RAW DATA START
text \<open>Associativity holds for polynomials and passes to series because truncation at degree
  \<open>M\<close> changes a product only modulo \<open>(m, X)\<^sup>M\<close>.\<close>
lemma skew_mult_assoc: "f \<star> (g \<star> h) = f \<star> g \<star> h"
proof (rule coeff_cong_eq[of "\<lambda>n. n"])
  fix M
  let ?f = "truncate M f" and ?g = "truncate M g"
  have fg: "cong_mX M (f \<star> g) (?f \<star> ?g)"
    by (rule coeff_cong_trans[OF cong_mX_skew_mult_left cong_mX_skew_mult_right];
        rule cong_mX_truncate)
  have "cong_mX M (f \<star> (g \<star> h)) (?f \<star> (?g \<star> h))"
    by (rule coeff_cong_trans[OF cong_mX_skew_mult_left cong_mX_skew_mult_right];
        intro cong_mX_truncate cong_mX_skew_mult_left)
  also have "?f \<star> (?g \<star> h) = ?f \<star> ?g \<star> h"
    by (rule skew_mult_assoc_deg_less[OF deg_less_truncate deg_less_truncate])
  finally show "cong_mX M (f \<star> (g \<star> h)) (f \<star> g \<star> h)"
    using coeff_cong_trans coeff_cong_sym[OF cong_mX_skew_mult_left[OF fg]] by blast
qed

lemma cong_m_skew_mult_left: "cong_m k Z Z' \<Longrightarrow> cong_m k (Z \<star> g) (Z' \<star> g)"
  unfolding coeff_cong_def skew_mult_diff_left
  by (auto intro!: msum_mem_mpow madic_null_X_times mult_right_mem_mpow)

lemma cong_m_skew_mult_mid:
  assumes "cong_m k Z Z'" and "\<And>j. B j \<in> mid"
  shows "cong_m (Suc k) (Z \<star> B) (Z' \<star> B)"
  unfolding coeff_cong_def skew_mult_diff_left
proof (intro allI msum_mem_mpow madic_null_X_times)
  fix n i
  have "X_times i B n \<in> mpow (1 + (0 + i - n))"
    by (rule X_times_mem_mpow) (use assms(2) mid_eq_mpow_1 in simp)
  then have "X_times i B n \<in> mpow 1" by (rule mpow_antimono) simp
  moreover have "Z i - Z' i \<in> mpow k"
    using assms(1) unfolding coeff_cong_def by simp
  ultimately have "(Z i - Z' i) * X_times i B n \<in> mpow (k + 1)"
    by (intro mult_mem_mpow)
  then show "(Z i - Z' i) * X_times i B n \<in> mpow (Suc k - 0)" by simp
qed

lemma skew_mult_X_power: "(f \<star> X_power s) n = (if s \<le> n then f (n - s) else 0)"
proof -
  have "(f \<star> X_power s) n = msum (\<lambda>i. f i * X_power (i + s) n)"
    by (simp add: skew_mult_eq_msum X_times_X_power)
  also have "\<dots> = (\<Sum>i<Suc n. f i * X_power (i + s) n)"
    by (rule msum_eq_sum) (simp add: X_power_def)
  also have "\<dots> = (\<Sum>i<Suc n. if i = n - s then (if s \<le> n then f i else 0) else 0)"
    by (rule sum.cong) (auto simp: X_power_def)
  finally show ?thesis by simp
qed

lemma skew_mult_one [simp]: "f \<star> skew_one = f"
  using skew_mult_X_power[of f 0] by (simp add: skew_one_eq_X_power fun_eq_iff)

lemma skew_one_mult [simp]: "skew_one \<star> g = g"
proof
  fix n
  have "deg_less 1 (skew_one :: nat \<Rightarrow> 'a)" unfolding deg_less_def skew_one_def by simp
  then show "(skew_one \<star> g) n = g n" by (simp add: skew_mult_deg_less skew_one_def)
qed

lemma skew_mult_split_const:
  "(h \<star> g) n = h 0 * g n + ((\<lambda>i. if i = 0 then 0 else h i) \<star> g) n"
proof -
  have "(h \<star> g) n = h 0 * g n + msum (\<lambda>i. if i = 0 then 0 else h i * X_times i g n)"
    unfolding skew_mult_eq_msum by (subst msum_split_first[OF madic_null_X_times]) simp
  also have "(\<lambda>i. if i = 0 then 0 else h i * X_times i g n) =
      (\<lambda>i. (if i = 0 then 0 else h i) * X_times i g n)"
    by auto
  finally show ?thesis by (simp add: skew_mult_eq_msum)
qed

text \<open>Since \<open>\<delta>(R) \<subseteq> m\<close>, \<open>X\<^sup>i r \<equiv> \<sigma>\<^sup>i(r) X\<^sup>i\<close> modulo \<open>m\<close>; so for \<open>i \<ge> 1\<close> the coefficient of
  \<open>X\<^sup>n\<close> in \<open>X\<^sup>i f\<close> only involves coefficients of \<open>f\<close> below \<open>n\<close>.\<close>
lemma skew_mult_coeff_mod_mid:
  assumes "\<And>j. j < n \<Longrightarrow> f j \<in> mid"
  shows "(u \<star> f) n - u 0 * f n \<in> mid"
proof -
  have "X_times i f n \<in> mpow 1" if "i \<noteq> 0" for i
    unfolding X_times_eq_sum_xc
  proof (rule sum_mem_mpow)
    fix j
    assume "j \<in> {..n}"
    then have "f j \<in> mpow (if j = n then 0 else 1)"
      using assms mid_eq_mpow_1 by auto
    then have "xc \<sigma> \<delta> i (n - j) (f j) \<in> mpow ((if j = n then 0 else 1) + (i - (n - j)))"
      by (rule xc_mem_mpow)
    then show "xc \<sigma> \<delta> i (n - j) (f j) \<in> mpow 1"
      by (rule mpow_antimono) (use that \<open>j \<in> {..n}\<close> in auto)
  qed
  then have "((\<lambda>i. if i = 0 then 0 else u i) \<star> f) n \<in> mpow 1"
    unfolding skew_mult_eq_msum
    by (intro msum_mem_mpow madic_null_X_times) (simp add: mult_left_mem_mpow)
  then show ?thesis
    using skew_mult_split_const[of u f n] mid_eq_mpow_1 by simp
qed

lemma skew_mult_mem_mid:
  assumes "\<And>j. j \<le> n \<Longrightarrow> f j \<in> mid"
  shows "(u \<star> f) n \<in> mid"
proof -
  have "(u \<star> f) n - u 0 * f n \<in> mid"
    using assms by (intro skew_mult_coeff_mod_mid) simp
  moreover have "u 0 * f n \<in> mid"
    using assms by (simp add: mult_left_mem_mid)
  ultimately show ?thesis
    using add_mem_mid by fastforce
qed

lemma skew_inverse_unique: "b \<star> a = skew_one \<Longrightarrow> a \<star> c = skew_one \<Longrightarrow> b = c"
  by (metis skew_mult_assoc skew_mult_one skew_one_mult)

lemma unit_r_const_if_right_inverse: "h \<star> g = skew_one \<Longrightarrow> unit_r (h 0 * g 0)"
  using unit_r_add_mid[OF unit_r_one uminus_mem_mid[OF skew_mult_coeff_mod_mid[of 0 g h]]]
  by (simp add: skew_one_def)

text \<open>The right inverse is a fixed point of \<open>g \<mapsto> h\<^sub>0\<^sup>-\<^sup>1 (1 - N g)\<close> with \<open>N = h - h\<^sub>0\<close>;
  since \<open>N\<close> has no constant term this map is a contraction for the \<open>(m, X)\<close>-adic topology.\<close>
lemma right_inverse_exists:
  assumes "unit_r (h 0)"
  obtains g where "h \<star> g = skew_one"
proof -
  obtain c where c: "h 0 * c = 1"
    using assms unfolding unit_r_def by blast
  define N where "N = (\<lambda>i. if i = 0 then 0 else h i)"
  define \<Phi> where "\<Phi> g = (\<lambda>n. c * (skew_one n - (N \<star> g) n))" for g
  have "cong_mX (Suc M) (\<Phi> g) (\<Phi> g')" if "cong_mX M g g'" for M g g'
    unfolding coeff_cong_def
  proof
    fix n
    have "N i * X_times i (\<lambda>j. g j - g' j) n \<in> mpow (Suc M - n)" for i
    proof (cases "i = 0")
      case False
      have "X_times i (\<lambda>j. g j - g' j) n \<in> mpow (0 + (M + i - n))"
        by (rule X_times_mem_mpow) (use that in \<open>simp add: coeff_cong_def\<close>)
      then have "X_times i (\<lambda>j. g j - g' j) n \<in> mpow (Suc M - n)"
        by (rule mpow_antimono) (use False in simp)
      then show ?thesis by (rule mult_left_mem_mpow)
    qed (simp add: N_def)
    then have "(N \<star> g) n - (N \<star> g') n \<in> mpow (Suc M - n)"
      unfolding skew_mult_diff_right by (intro msum_mem_mpow madic_null_X_times)
    then have "- (c * ((N \<star> g) n - (N \<star> g') n)) \<in> mpow (Suc M - n)"
      by (intro uminus_mem_mpow mult_left_mem_mpow)
    then show "\<Phi> g n - \<Phi> g' n \<in> mpow (Suc M - n)"
      unfolding \<Phi>_def by (simp add: algebra_simps)
  qed
  then obtain g where g: "\<Phi> g = g"
    using contraction_ex1_fixpoint[of "\<lambda>n. n" \<Phi>] by blast
  have "(h \<star> g) n = skew_one n" for n
  proof -
    have "(h \<star> g) n = h 0 * g n + (N \<star> g) n"
      unfolding N_def by (rule skew_mult_split_const)
    also have "h 0 * g n = h 0 * c * (skew_one n - (N \<star> g) n)"
      by (subst g[symmetric]) (simp add: \<Phi>_def mult.assoc)
    finally show ?thesis using c by simp
  qed
  then show ?thesis using that by blast
qed

lemma skew_unit_iff_unit_r: "skew_unit \<sigma> \<delta> h \<longleftrightarrow> unit_r (h 0)"
proof
  assume "skew_unit \<sigma> \<delta> h"
  then obtain g where "h \<star> g = skew_one" and "g \<star> h = skew_one"
    unfolding skew_unit_def by blast
  then show "unit_r (h 0)"
    using unit_r_of_products unit_r_const_if_right_inverse by blast
next
  assume h0: "unit_r (h 0)"
  obtain g where g: "h \<star> g = skew_one" using h0 by (rule right_inverse_exists)
  obtain c where "c * h 0 = 1" and "h 0 * c = 1"
    using h0 unfolding unit_r_def by blast
  then have "unit_r (c * (h 0 * g 0))"
    using unit_r_mult unit_r_const_if_right_inverse[OF g] unfolding unit_r_def by blast
  then have "unit_r (g 0)"
    using \<open>c * h 0 = 1\<close> by (simp add: mult.assoc[symmetric])
  then obtain k where "g \<star> k = skew_one" by (rule right_inverse_exists)
  then have "g \<star> h = skew_one"
    using skew_inverse_unique[OF g] by simp
  then show "skew_unit \<sigma> \<delta> h"
    unfolding skew_unit_def using g by blast
qed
RAW DATA END
TASK DESCRIPTION → Only a number is expected in reply: how many lines of the entries hold the word "close"?

FINISHED TASK → 8